I put my brother's cellphone over the gas fireplace to dry out, just make sure not to try to turn it on and fiddle with it until its completely dried out, that's the biggest mistake you can make.

_Make sure its completely dried out, leave it longer than sooner._


----------



## bowman00 (Apr 27, 2010)

NOPE! Put it in a bowl of rice, Does the trick!


----------



## effox (Apr 21, 2010)

I tried that rice trick with a classic ipod, it was too wrecked to save it I guess.


----------



## Diztrbd1 (Apr 21, 2010)

Best recommendation would be to take apart if possible . there are video's on you tube showing how. If nothing else I would get a shop vacuum and try sucking water out thru any/all of the ports that water may be able to enter thru (ex.earphone , usb connector ect...) they are pretty tightly put together and may not have gotten any water inside. I read a few instances of people dropping them in tubs and such and not getting harmed at all. But I would still try to suck it out where it might have went in & let it sit in a warm place (like a bowl of rice lol) for a few days to a week


----------



## effox (Apr 21, 2010)

Agreed, but they are notoriously difficult to open *sometimes* so be forewarned before you bend the case.


----------



## Diztrbd1 (Apr 21, 2010)

it definitely doesn't look easy, I need to take mine apart to change the battery , but I am afraid of damaging it , bending the case or even worse, so it will be going to the pro's. But yes... be forewarned for sure


----------



## Pamela (Apr 21, 2010)

Thanks for the replies 
I don't want to risk trying to take it apart.
Unfortunately, I don't have a shop vac here to suck the water out.
I guess that I'll just leave the iPod sitting in rice for awhile & cross my fingers.
My son told me that he dropped it into the toilet after he went pee ...YUCK!


----------



## Diztrbd1 (Apr 21, 2010)

ewww pee water lol good thing he didn't flush
any vacuum with a hose would work , doesn't have to be a shop vac necessarily 
hopefully you'll be one of the lucky ones & it will be fine


----------



## Adz1 (Apr 21, 2010)

take it apart or even just open where the batterys go and attack it with a hair blow dryer.


----------



## effox (Apr 21, 2010)

To get to the batteries you need to open it fully. Sometimes there's ribbon cables going to the earphone\hold switch and they tare easily.

I'd leave it be in rice without opening it, just don't turn it on.

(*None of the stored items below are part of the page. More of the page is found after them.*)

lemma cone_cover_power_not_divisible:
  fixes E :: "'v set set"
  assumes fin: "finite (UNIV :: 'v set)" and u_None: "Poly_Mapping.lookup u None = 0"
    and not_div: "\<not> divisible_by (power_gens (cover_monomials ((`) Some ` E)) t) u"
  shows "\<not> divisible_by (power_gens (cover_monomials (cone_edges UNIV E)) (t + 1))
    (Poly_Mapping.single None t + indicator_monomial (range Some) + u)"
proof
  let ?G = "cover_monomials ((`) Some ` E)" and ?H = "cover_monomials (cone_edges UNIV E)"
  let ?w = "Poly_Mapping.single None t + indicator_monomial (range Some) + u"
  have fin_Some: "finite (range (Some :: 'v \<Rightarrow> 'v option))"
    using fin by simp
  have w_None: "Poly_Mapping.lookup ?w None = t"
    using u_None by (simp add: lookup_add lookup_indicator_monomial[OF fin_Some])
  have w_Some: "Poly_Mapping.lookup ?w (Some v) = Suc (Poly_Mapping.lookup u (Some v))" for v
    by (simp add: lookup_add lookup_single lookup_indicator_monomial[OF fin_Some])
  assume div_H: "divisible_by (power_gens ?H (t + 1)) ?w"
  obtain d cs where d: "d \<in> ?H" "Poly_Mapping.lookup d None = 0"
    and cs: "length cs = t" "set cs \<subseteq> ?H"
    and le: "Poly_Mapping.lookup (d + sum_list cs) \<le> Poly_Mapping.lookup ?w"
    by (rule divisible_by_power_gens_Suc_elim[OF div_H eq_imp_le[OF w_None]])
  have "set cs \<subseteq> ?G"
  proof
    fix c assume "c \<in> set cs"
    with cs(2) have "c \<in> ?H"
      by blast
    then show "c \<in> ?G"
      unfolding cover_monomials_cone_iff by simp
  qed
  moreover have "Poly_Mapping.lookup (sum_list cs) \<le> Poly_Mapping.lookup (u + Poly_Mapping.single None t)"
  proof (rule le_funI)
    fix y
    have y: "Poly_Mapping.lookup d y + Poly_Mapping.lookup (sum_list cs) y \<le> Poly_Mapping.lookup ?w y"
      using le_funD[OF le, of y] by (simp add: lookup_add)
    show "Poly_Mapping.lookup (sum_list cs) y \<le> Poly_Mapping.lookup (u + Poly_Mapping.single None t) y"
    proof (cases y)
      case None
      then show ?thesis
        using y w_None u_None by (simp add: lookup_add)
    next
      case (Some v)
      have "Poly_Mapping.lookup d (Some v) \<noteq> 0"
        using d unfolding cover_monomials_cone_iff by simp
      with Some show ?thesis
        using y w_Some[of v] by (simp add: lookup_add lookup_single)
    qed
  qed
  ultimately have div: "divisible_by (power_gens ?G t) (u + Poly_Mapping.single None t)"
    unfolding divisible_by_power_gens_iff using cs(1) by blast
  have closed: "Poly_Mapping.update None 0 c \<in> ?G" if "c \<in> ?G" for c
    using that by (intro cover_monomials_update_zero) auto
  have "divisible_by (power_gens ?G t) (Poly_Mapping.update None 0 (u + Poly_Mapping.single None t))"
    by (rule divisible_by_power_gens_update_zero[OF closed div])
  moreover have "Poly_Mapping.update None 0 (u + Poly_Mapping.single None t) = u"
    using u_None by (intro poly_mapping_eqI) (simp add: lookup_update lookup_add lookup_single)
  ultimately show False
    using not_div by simp
qed
lemma neighbours_meet_at_common_centre_of_mass:
  assumes ps: "particle_system n m x" and st: "sticky_trajectories n m x v \<gamma>"
    and kn: "k \<in> {1..n}" "Suc k \<le> n" and "0 \<le> t" "\<gamma> k t = \<gamma> (Suc k) t"
  obtains \<tau> y j l where "0 < \<tau>" "j < k" "k < l" "l \<le> n"
    "y * (cmass m k - cmass m j) = (\<Sum>i=Suc j..k. m i * x i) + \<tau> * (cmom m v k - cmom m v j)"
    "y * (cmass m l - cmass m k) = (\<Sum>i=Suc k..l. m i * x i) + \<tau> * (cmom m v l - cmom m v k)"
proof -
  obtain \<tau> where "0 < \<tau>" and meet: "\<gamma> k \<tau> = \<gamma> (Suc k) \<tau>"
    and before: "\<And>s. 0 \<le> s \<Longrightarrow> s < \<tau> \<Longrightarrow> \<gamma> k s < \<gamma> (Suc k) s"
    by (rule first_meeting_of_neighbours[OF ps st kn assms(5,6)]) blast
  obtain j l where "j < k" "k < l" "l \<le> n" and at_y: "\<And>i. i \<in> {Suc j..l} \<Longrightarrow> \<gamma> i \<tau> = \<gamma> k \<tau>"
    and left_end: "0 < j \<Longrightarrow> \<gamma> j \<tau> \<noteq> \<gamma> (Suc j) \<tau>"
    and right_end: "l < n \<Longrightarrow> \<gamma> l \<tau> \<noteq> \<gamma> (Suc l) \<tau>"
    by (rule maximal_cluster_at_meeting[OF ps st kn less_imp_le[OF \<open>0 < \<tau>\<close>] meet]) blast
  have left_run: "\<gamma> k \<tau> * (cmass m k - cmass m j)
      = (\<Sum>i=Suc j..k. m i * x i) + \<tau> * (cmom m v k - cmom m v j)"
  proof (rule isolated_block_meeting_point[OF ps st \<open>j < k\<close> _ _ _ _ at_y])
    show "\<gamma> j s < \<gamma> (Suc j) s" if "0 \<le> s" "s < \<tau>" "0 < j" for s
      using trajectories_apart_before[OF ps st, of j "Suc j" \<tau> s] left_end \<open>j < k\<close> kn that by simp
  qed (use kn \<open>0 < \<tau>\<close> before \<open>k < l\<close> in auto)
  have right_run: "\<gamma> k \<tau> * (cmass m l - cmass m k)
      = (\<Sum>i=Suc k..l. m i * x i) + \<tau> * (cmom m v l - cmom m v k)"
  proof (rule isolated_block_meeting_point[OF ps st \<open>k < l\<close> \<open>l \<le> n\<close> _ before])
    show "\<gamma> l s < \<gamma> (Suc l) s" if "0 \<le> s" "s < \<tau>" "l < n" for s
      using trajectories_apart_before[OF ps st, of l "Suc l" \<tau> s] right_end \<open>k < l\<close> kn that by simp
    show "\<gamma> i \<tau> = \<gamma> k \<tau>" if "i \<in> {Suc k..l}" for i
      using at_y[of i] that \<open>j < k\<close> by simp
  qed (use \<open>0 < \<tau>\<close> in simp)
  show ?thesis
    by (rule that[OF \<open>0 < \<tau>\<close> \<open>j < k\<close> \<open>k < l\<close> \<open>l \<le> n\<close> left_run right_run])
qed
lemma orth_diag_fun_eq:
  fixes U V :: "real^'n^'n"
  assumes U: "orthogonal_matrix U" and V: "orthogonal_matrix V" and eq: "orth_diag U d = orth_diag V e"
  shows "orth_diag U (\<chi> i. f (d$i)) = orth_diag V (\<chi> i. f (e$i))"
proof (rule matrix_eq_on_columns[OF V])
  fix j
  have "orth_diag U d *v column j V = e$j *\<^sub>R column j V"
    using eq orth_diag_column[OF V] by simp
  from orth_diag_fun_eigenvector[OF U this]
  show "orth_diag U (\<chi> i. f (d$i)) *v column j V = orth_diag V (\<chi> i. f (e$i)) *v column j V"
    by (simp add: orth_diag_column[OF V])
qed

context
  fixes U :: "real^'n^'n"
  assumes U: "orthogonal_matrix U"
begin

text \<open>The choice made in the definition of \<open>mpow\<close> is harmless: all orthogonal diagonalizations
  of a matrix yield the same power.\<close>
lemma mpow_orth_diag: "mpow (orth_diag U d) s = orth_diag U (\<chi> i. d$i powr s)"
proof -
  let ?P = "\<lambda>B. \<exists>V e. orthogonal_matrix V \<and> orth_diag U d = V ** diag_mat e ** transpose V \<and>
      B = V ** diag_mat (\<chi> i. e$i powr s) ** transpose V"
  have "?P (orth_diag U (\<chi> i. d$i powr s))" using U unfolding orth_diag_def by blast
  then have "?P (mpow (orth_diag U d) s)" unfolding mpow_def by (rule someI)
  then obtain V e where "orthogonal_matrix V" "orth_diag U d = orth_diag V e"
      "mpow (orth_diag U d) s = orth_diag V (\<chi> i. e$i powr s)"
    unfolding orth_diag_def by blast
  then show ?thesis using orth_diag_fun_eq[OF U, of V d e "\<lambda>t. t powr s"] by simp
qed

lemma lambda_min_orth_diag: "lambda_min (orth_diag U d) = Min (range (\<lambda>j. d$j))"
proof -
  have "{c. \<exists>v. v \<noteq> 0 \<and> orth_diag U d *v v = c *\<^sub>R v} = range (\<lambda>j. d$j)"
  proof (intro antisym subsetI)
    fix c assume "c \<in> {c. \<exists>v. v \<noteq> 0 \<and> orth_diag U d *v v = c *\<^sub>R v}"
    then obtain v where "v \<noteq> 0" "orth_diag U d *v v = c *\<^sub>R v" by blast
    then show "c \<in> range (\<lambda>j. d$j)" by (rule orth_diag_eigenvalue_in_range[OF U])
  next
    fix c assume "c \<in> range (\<lambda>j. d$j)"
    then obtain k where "c = d$k" by blast
    then show "c \<in> {c. \<exists>v. v \<noteq> 0 \<and> orth_diag U d *v v = c *\<^sub>R v}"
      by (intro CollectI exI[of _ "column k U"] conjI orthogonal_matrix_column_nonzero[OF U])
         (simp add: orth_diag_column[OF U])
  qed
  then show ?thesis unfolding lambda_min_def by (simp add: cInf_eq_Min)
qed

lemma orth_diag_quadratic_pos:
  assumes "\<And>j. d$j > 0" "x \<noteq> 0"
  shows "x \<bullet> (orth_diag U d *v x) > 0"
proof -
  obtain k where "column k U \<bullet> x \<noteq> 0"
    using vector_eq_sum_columns[OF U, of x] assms(2) by force
  then have "0 < d$k * (column k U \<bullet> x)\<^sup>2" using assms(1)[of k] by simp
  moreover have "0 \<le> d$j * (column j U \<bullet> x)\<^sup>2" for j using assms(1)[of j] by simp
  ultimately show ?thesis unfolding inner_orth_diag mult.assoc power2_eq_square[symmetric]
    by (intro sum_pos2[of _ k]) auto
qed
(* Let $P=P(G,[\omega])$ be a toric poset and $i,j\in V$. If $I=[i,j]^{\mathrm{tor}}$, then there exists $\omega'\in[\omega]$ such that $I$ equals the interval $[i,j]=\{k\in V: i\le k\le j\}$ of the poset $P(G,\omega')$. The converse fails in general: for $G$ the path $1-2-3$ and $\omega$ the orientation $1\to2\to3$, the interval $[1,3]$ of $P(G,\omega)$ is $\{1,2,3\}$, whereas $[1,3]^{\mathrm{tor}}=\emptyset$ in $P(G,[\omega])$.
   Context: Toric poset setup: $V=[n]$; $\mathrm{Acyc}(G)$ acyclic orientations; $P(G,\omega)$ the poset on $V$ given by the transitive closure of $\omega$; $[\omega]$ the class under the equivalence generated by converting a source into a sink; toric chambers (components of $\mathbb{R}^V/\mathbb{Z}^V$ minus the hyperplanes $\{x_i\equiv x_j\bmod 1\}$, $\{i,j\}\in E$) correspond bijectively to classes $[\omega]$; $P(G,[\omega])$ is identified with its chamber $c(P)$. Toric chain: $C=\{i_1,\dots,i_m\}$ is a toric chain of $P$ if there is a cyclic class $[(i_1,\dots,i_m)]$ such that for every $x\in c(P)$ (coordinates in $[0,1)$) some cyclic shift $(j_1,\dots,j_m)$ has $0\le x_{j_1}<\dots<x_{j_m}<1$; write $P|_C=[(i_1,\dots,i_m)]$. Toric interval: $[i,i]^{\mathrm{tor}}=\{i\}$; for $i\ne j$, $[i,j]^{\mathrm{tor}}=\emptyset$ if $\{i,j\}$ is not a toric chain and otherwise $[i,j]^{\mathrm{tor}}=\{i,j\}\cup\{k: P|_{\{i,j,k\}}=[(i,k,j)]\}$. Ordinary interval $[i,j]$ is empty if $i\not\le j$. *)

theory Defs
  imports Main "HOL.Real"
begin
lemma threshold_unique:
  fixes S :: "real \<Rightarrow> ereal"
  assumes above: "\<And>e. c < e \<Longrightarrow> S e = \<infinity>" and below: "\<And>e. e < c \<Longrightarrow> S e = -\<infinity>"
  shows "(\<forall>e. (e > e' \<longrightarrow> S e = \<infinity>) \<and> (e < e' \<longrightarrow> S e = -\<infinity>)) \<longleftrightarrow> e' = c"
proof
  assume H: "\<forall>e. (e > e' \<longrightarrow> S e = \<infinity>) \<and> (e < e' \<longrightarrow> S e = -\<infinity>)"
  show "e' = c"
  proof (rule ccontr)
    assume "e' \<noteq> c"
    define e where "e = (e' + c) / 2"
    show False
    proof (cases "e' < c")
      case True
      hence "S e = \<infinity>" "S e = -\<infinity>" using H below[of e] by (auto simp: e_def)
      thus False by simp
    next
      case False
      hence "S e = -\<infinity>" "S e = \<infinity>" using H above[of e] \<open>e' \<noteq> c\<close> by (auto simp: e_def)
      thus False by simp
    qed
  qed
qed (use above below in auto)

theorem proposition4p3:
  fixes f :: "real^'n \<Rightarrow> real" and hb :: real
  assumes cont: "continuous_on orth f"
    and nonneg: "\<forall>p\<in>orth. 0 \<le> f p"
    and pos: "\<forall>p\<in>orth - {0}. 0 < f p"
    and homog: "\<forall>p\<in>orth. \<forall>t>0. f (t *\<^sub>R p) = t * f p"
    and smooth: "\<exists>U F. open U \<and> orth - {0} \<subseteq> U \<and> smooth_on U F \<and>
                   (\<forall>x\<in>orth - {0}. F x = f x) \<and>
                   (\<forall>p\<in>levelN f. \<forall>v. v \<noteq> 0 \<and> gradF F p \<bullet> v = 0 \<longrightarrow> 0 < v \<bullet> hessF F p v)"
    and regular: "\<forall>p\<in>levelN f. \<exists>g. is_grad f p g \<and> g \<noteq> 0"
    and normal_nonneg: "\<forall>p\<in>levelN f. \<forall>g. is_grad f p g \<longrightarrow> g /\<^sub>R norm g \<in> orth"
    and convex: "convex {p\<in>orth. f p \<le> 1}"
    and hb: "0 < hb"
  shows "(\<forall>m::nat^'n. Em f hb m = ereal (f (hb *\<^sub>R nvec m))) \<and>
         (\<forall>m::nat^'n. Em f hb m =
            (SUP k\<in>Nset f 0 - {0}. ereal (hb * (nvec m \<bullet> ivec k) / act f k))) \<and>
         (\<forall>m::nat^'n. \<forall>e'::real.
            (\<forall>e::real.
               (e > e' \<longrightarrow> (SUP l\<in>{1::nat..}. INF k\<in>Nset f (int l).
                               ereal (e * act f k - hb * (nvec m \<bullet> ivec k))) = \<infinity>) \<and>
               (e < e' \<longrightarrow> (SUP l\<in>{1::nat..}. INF k\<in>Nset f (int l).
                               ereal (e * act f k - hb * (nvec m \<bullet> ivec k))) = -\<infinity>))
            \<longleftrightarrow> ereal e' = Em f hb m)"
proof -
  interpret toric f
    using cont nonneg pos homog smooth regular normal_nonneg convex by unfold_locales
  have y: "hb *\<^sub>R nvec m \<in> orth" for m :: "nat^'n"
    using hb by (intro orth_scaleR nvec_in_orth) simp
  have scale: "hb * (nvec m \<bullet> ivec k) = (hb *\<^sub>R nvec m) \<bullet> ivec k" for m :: "nat^'n" and k
    by simp
  have Em: "Em f hb m = ereal (f (hb *\<^sub>R nvec m))" for m
    unfolding Em_def scale by (rule SUP_action_ratio[OF y])
  show ?thesis
  proof (intro conjI allI)
    fix m :: "nat^'n"
    show "Em f hb m = ereal (f (hb *\<^sub>R nvec m))" by (rule Em)
    show "Em f hb m = (SUP k\<in>Nset f 0 - {0}. ereal (hb * (nvec m \<bullet> ivec k) / act f k))"
      unfolding Em_def action_spectrum_eq_image by (simp add: image_image)
    fix e' :: real
    show "(\<forall>e::real.
            (e > e' \<longrightarrow> (SUP l\<in>{1::nat..}. INF k\<in>Nset f (int l).
                            ereal (e * act f k - hb * (nvec m \<bullet> ivec k))) = \<infinity>) \<and>
            (e < e' \<longrightarrow> (SUP l\<in>{1::nat..}. INF k\<in>Nset f (int l).
                            ereal (e * act f k - hb * (nvec m \<bullet> ivec k))) = -\<infinity>))
          \<longleftrightarrow> ereal e' = Em f hb m"
      unfolding scale Em ereal.inject
      by (rule threshold_unique[OF SUP_INF_above[OF y] SUP_INF_below[OF y]])
  qed
qed
definition kappa_balanced ::
    "complex^3 \<Rightarrow> complex^3 \<Rightarrow> complex \<Rightarrow> complex^idx7^idx7 \<Rightarrow> complex^idx7^idx7 \<Rightarrow> bool" where
  "kappa_balanced \<alpha>1 \<alpha>2 w X Y \<longleftrightarrow> (\<exists>\<kappa>1 \<kappa>2.
     has_kappas \<alpha>1 \<alpha>2 (blk22 (X ** Y - Y ** X)) \<kappa>1 \<kappa>2 \<and> 2 * (\<kappa>1 + \<kappa>2) = w * trace (X ** Y))"

lemma trace_pole2_mult:
  "trace (gamma_pole2 \<alpha>1 \<alpha>2 \<mu> ** g2elt c d B) = 2 * \<mu> * dotc \<alpha>2 (B *v \<alpha>1)"
  by (simp add: gamma_pole2_def trace_g2elt_mult trace_outer_mult matrix_vector_mult_simps)

lemma trace_pole1_mult:
  "trace (gamma_pole1 \<alpha>1 \<alpha>2 \<beta>01 \<beta>02 \<beta>1 \<beta>2 ** g2elt c d B)
     = 2 * (dotc \<beta>2 (B *v \<alpha>1) - dotc \<alpha>2 (B *v \<beta>1)) - 6 * (\<beta>01 * dotc d \<alpha>1 + \<beta>02 * dotc \<alpha>2 c)"
  unfolding gamma_pole1_def trace_g2elt_mult by (simp add: components3 algebra_simps)

lemma kappa_balanced_pole2:
  assumes "dotc \<alpha>1 \<alpha>2 = 0"
  shows "kappa_balanced \<alpha>1 \<alpha>2 2 (gamma_pole2 \<alpha>1 \<alpha>2 \<mu>) (g2elt c d B)"
proof -
  let ?N = "gamma_pole2 \<alpha>1 \<alpha>2 \<mu>" and ?\<kappa> = "\<mu> * dotc \<alpha>2 (B *v \<alpha>1)"
  have "dotc \<alpha>2 \<alpha>1 = 0" using assms dotc_commute by metis
  then have "has_kappas \<alpha>1 \<alpha>2 (blk22 (?N ** g2elt c d B - g2elt c d B ** ?N)) ?\<kappa> ?\<kappa>"
    unfolding has_kappas_def gamma_pole2_def
    by (simp add: g2elt_commutator_simps assms; simp add: components3 algebra_simps)
  then show ?thesis
    unfolding kappa_balanced_def trace_pole2_mult by (intro exI) auto
qed

lemma kappa_balanced_pole1:
  assumes "dotc \<alpha>1 \<alpha>2 = 0" "dotc \<alpha>1 \<beta>2 = 0" "dotc \<alpha>2 \<beta>1 = 0"
    and "dotc \<alpha>2 (B *v \<alpha>1) = 0"
  shows "kappa_balanced \<alpha>1 \<alpha>2 1 (gamma_pole1 \<alpha>1 \<alpha>2 \<beta>01 \<beta>02 \<beta>1 \<beta>2) (g2elt c d B)"
proof -
  let ?R = "gamma_pole1 \<alpha>1 \<alpha>2 \<beta>01 \<beta>02 \<beta>1 \<beta>2"
  let ?\<kappa>1 = "dotc \<beta>2 (B *v \<alpha>1) - 2 * \<beta>01 * dotc d \<alpha>1 - \<beta>02 * dotc \<alpha>2 c"
  let ?\<kappa>2 = "- dotc \<alpha>2 (B *v \<beta>1) - 2 * \<beta>02 * dotc \<alpha>2 c - \<beta>01 * dotc d \<alpha>1"
  have "dotc \<alpha>2 \<alpha>1 = 0" "dotc \<beta>2 \<alpha>1 = 0" "dotc \<beta>1 \<alpha>2 = 0"
    using assms dotc_commute by metis+
  then have "has_kappas \<alpha>1 \<alpha>2 (blk22 (?R ** g2elt c d B - g2elt c d B ** ?R)) ?\<kappa>1 ?\<kappa>2"
    unfolding has_kappas_def gamma_pole1_def
    by (simp add: g2elt_commutator_simps assms; simp add: components3 algebra_simps)
  then show ?thesis
    unfolding kappa_balanced_def trace_pole1_mult by (intro exI) (auto simp: algebra_simps)
qed

lemma kappa_balanced_regular:
  assumes "gamma_regular \<alpha>1 \<alpha>2 X" "gamma_regular \<alpha>1 \<alpha>2 Y"
  shows "kappa_balanced \<alpha>1 \<alpha>2 0 X Y"
proof -
  obtain a1 a2 A \<kappa>1 \<kappa>2 where X: "X = g2elt a1 a2 A" "dotc \<alpha>1 a2 = 0" "dotc \<alpha>2 a1 = 0"
      "has_kappas \<alpha>1 \<alpha>2 A \<kappa>1 \<kappa>2"
    using assms(1) by (auto simp: gamma_regular_def)
  obtain b1 b2 B \<nu>1 \<nu>2 where Y: "Y = g2elt b1 b2 B" "dotc \<alpha>1 b2 = 0" "dotc \<alpha>2 b1 = 0"
      "has_kappas \<alpha>1 \<alpha>2 B \<nu>1 \<nu>2"
    using assms(2) by (auto simp: gamma_regular_def)
  have "dotc a2 \<alpha>1 = 0" "dotc a1 \<alpha>2 = 0" "dotc b2 \<alpha>1 = 0" "dotc b1 \<alpha>2 = 0"
    using X Y dotc_commute by metis+
  moreover have "A *v \<alpha>1 = \<kappa>1 *s \<alpha>1" "\<alpha>2 v* A = (- \<kappa>2) *s \<alpha>2"
    and "B *v \<alpha>1 = \<nu>1 *s \<alpha>1" "\<alpha>2 v* B = (- \<nu>2) *s \<alpha>2"
    using X(4) Y(4) unfolding has_kappas_iff by auto
  ultimately have "has_kappas \<alpha>1 \<alpha>2 (blk22 (X ** Y - Y ** X))
      (dotc b2 a1 - dotc a2 b1) (dotc a2 b1 - dotc b2 a1)"
    unfolding has_kappas_def X(1) Y(1)
    by (simp add: g2elt_commutator_simps; simp add: components3 algebra_simps)
  then show ?thesis
    unfolding kappa_balanced_def by (intro exI) auto
qed

lemma kappa_balanced_swap:
  assumes "kappa_balanced \<alpha>1 \<alpha>2 w Y X"
  shows "kappa_balanced \<alpha>1 \<alpha>2 (- w) X Y"
proof -
  obtain \<kappa>1 \<kappa>2 where \<kappa>: "has_kappas \<alpha>1 \<alpha>2 (blk22 (Y ** X - X ** Y)) \<kappa>1 \<kappa>2"
      and tr: "2 * (\<kappa>1 + \<kappa>2) = w * trace (Y ** X)"
    using assms unfolding kappa_balanced_def by blast
  have "blk22 (X ** Y - Y ** X) = - blk22 (Y ** X - X ** Y)"
    by (simp add: blk22_def vec_eq_iff)
  then have "has_kappas \<alpha>1 \<alpha>2 (blk22 (X ** Y - Y ** X)) (- \<kappa>1) (- \<kappa>2)"
    using has_kappas_uminus[OF \<kappa>] by simp
  moreover have "2 * (- \<kappa>1 + - \<kappa>2) = - w * trace (X ** Y)"
    using tr trace_mul_sym[of X Y] by (metis minus_add_distrib mult_minus_left mult_minus_right)
  ultimately show ?thesis
    unfolding kappa_balanced_def by blast
qed

lemma gamma_regular_0: "gamma_regular \<alpha>1 \<alpha>2 0"
proof -
  have "(0 :: complex^idx7^idx7) = g2elt 0 0 0"
    by (simp add: g2elt_def blk_def vec_eq_iff transpose_def split: sum.split)
  then show ?thesis
    unfolding gamma_regular_def using has_kappas_0 by fastforce
qed

lemma gamma_regular_pole2:
  assumes "dotc \<alpha>1 \<alpha>2 = 0"
  shows "gamma_regular \<alpha>1 \<alpha>2 (gamma_pole2 \<alpha>1 \<alpha>2 \<mu>)"
proof -
  have "dotc \<alpha>2 \<alpha>1 = 0" using assms dotc_commute by metis
  then have "has_kappas \<alpha>1 \<alpha>2 (outer (\<mu> *s \<alpha>1) \<alpha>2) 0 0"
    using assms by (simp add: has_kappas_iff)
  then show ?thesis
    unfolding gamma_regular_def gamma_pole2_def by fastforce
qed

lemma gamma_regular_pole1:
  assumes "dotc \<alpha>1 \<alpha>2 = 0" "dotc \<alpha>1 \<beta>2 = 0" "dotc \<alpha>2 \<beta>1 = 0"
  shows "gamma_regular \<alpha>1 \<alpha>2 (gamma_pole1 \<alpha>1 \<alpha>2 \<beta>01 \<beta>02 \<beta>1 \<beta>2)"
proof -
  have "dotc \<alpha>2 \<alpha>1 = 0" "dotc \<beta>2 \<alpha>1 = 0" using assms dotc_commute by metis+
  then have "has_kappas \<alpha>1 \<alpha>2 (outer \<alpha>1 \<beta>2 - outer \<beta>1 \<alpha>2) 0 0"
    using assms by (simp add: has_kappas_iff matrix_vector_mult_simps vector_matrix_mult_diff_rdistrib)
  moreover have "dotc \<alpha>1 (\<beta>02 *s \<alpha>2) = 0" "dotc \<alpha>2 (\<beta>01 *s \<alpha>1) = 0"
    using assms(1) \<open>dotc \<alpha>2 \<alpha>1 = 0\<close> by simp_all
  ultimately show ?thesis
    unfolding gamma_regular_def gamma_pole1_def by blast
qed

lemma gamma_regular_isotropic:
  assumes "gamma_regular \<alpha>1 \<alpha>2 X" "dotc \<alpha>1 \<alpha>2 = 0"
  shows "dotc \<alpha>2 (blk22 X *v \<alpha>1) = 0"
proof -
  obtain a1 a2 A \<kappa>1 \<kappa>2 where "X = g2elt a1 a2 A" "has_kappas \<alpha>1 \<alpha>2 A \<kappa>1 \<kappa>2"
    using assms(1) unfolding gamma_regular_def by blast
  then show ?thesis
    using assms(2) dotc_commute[of \<alpha>1 \<alpha>2] by (simp add: has_kappas_def)
qed
lemma poly_growth_inverse_linear_power:
  fixes z :: complex
  assumes "cmod z \<ge> 1" "cmod z = 1 \<Longrightarrow> e \<le> Suc k"
  shows "poly_growth k (fps_nth (inverse (fps_of_poly [:-z, 1:]) ^ e))"
proof (cases "cmod z = 1")
  case True
  show ?thesis
  proof (cases e)
    case 0
    show ?thesis by (rule poly_growthI[of _ 1]) (simp add: 0 fps_one_nth)
  next
    case (Suc e')
    with True assms(2) show ?thesis
      using poly_growth_mono[OF poly_growth_inverse_linear_power_unit_circle[OF True, of e']]
      by simp
  qed
next
  case False
  with assms(1) have "cmod z > 1" by simp
  from poly_growth_inverse_linear_power_outside[OF this, of e] show ?thesis
    by (rule poly_growth_mono) simp
qed

lemma rat_fps_partial_fractions:
  fixes P L M :: "complex poly"
  assumes "coprime L M" "poly L 0 \<noteq> 0" "poly M 0 \<noteq> 0"
  obtains X Y where "rat_fps P (L * M) = rat_fps (P * X) M + rat_fps (P * Y) L"
proof -
  obtain X Y where "X * L + Y * M = 1"
    using assms(1) by (metis bezout_coefficients_fst_snd coprime_iff_gcd_eq_1)
  from fps_partial_fractions[OF this assms(2,3), of P] show ?thesis
    by (intro that) (simp add: rat_fps_def)
qed

lemma poly_growth_rat_fps_linear_power:
  fixes z :: complex
  assumes "cmod z \<ge> 1" "cmod z = 1 \<Longrightarrow> e \<le> Suc k"
  shows "poly_growth k (fps_nth (rat_fps P ([:-z, 1:] ^ e)))"
proof -
  have "z \<noteq> 0" using assms(1) by auto
  then have "rat_fps P ([:-z, 1:] ^ e) = fps_of_poly P * inverse (fps_of_poly [:-z, 1:]) ^ e"
    by (simp add: rat_fps_def fps_divide_unit fps_of_poly_power fps_inverse_power)
  with poly_growth_fps_mult[OF poly_growth_fps_of_poly poly_growth_inverse_linear_power[OF assms]]
  show ?thesis by simp
qed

Just don't try to return it, there's moisture stickers that change colour and the ceramic capacitors that will blow.


----------



## crazy72 (Apr 22, 2010)

My daughter's iPod got washed with her sweater last year. We went at it with a hair dryer and then left it a couple of days on a forced-air vent. It did the trick...

Good luck!


----------



## scherzo (Apr 24, 2010)

Definitely don't turn it on for days! Be patient...

Maybe put it under a blow dryer twice a day for 3-4 days... change out the rice. You can also put it in with silica gel packets. You can get them at a photo store (like Kerrisdale Cameras)

There is a guy here that dropped his phone in the Urinal


----------



## Jay2x (Jul 20, 2010)

Pamela said:


> Thanks for the replies
> I don't want to risk trying to take it apart.
> Unfortunately, I don't have a shop vac here to suck the water out.
> I guess that I'll just leave the iPod sitting in rice for awhile & cross my fingers.
> My son told me that he dropped it into the toilet after he went pee ...YUCK!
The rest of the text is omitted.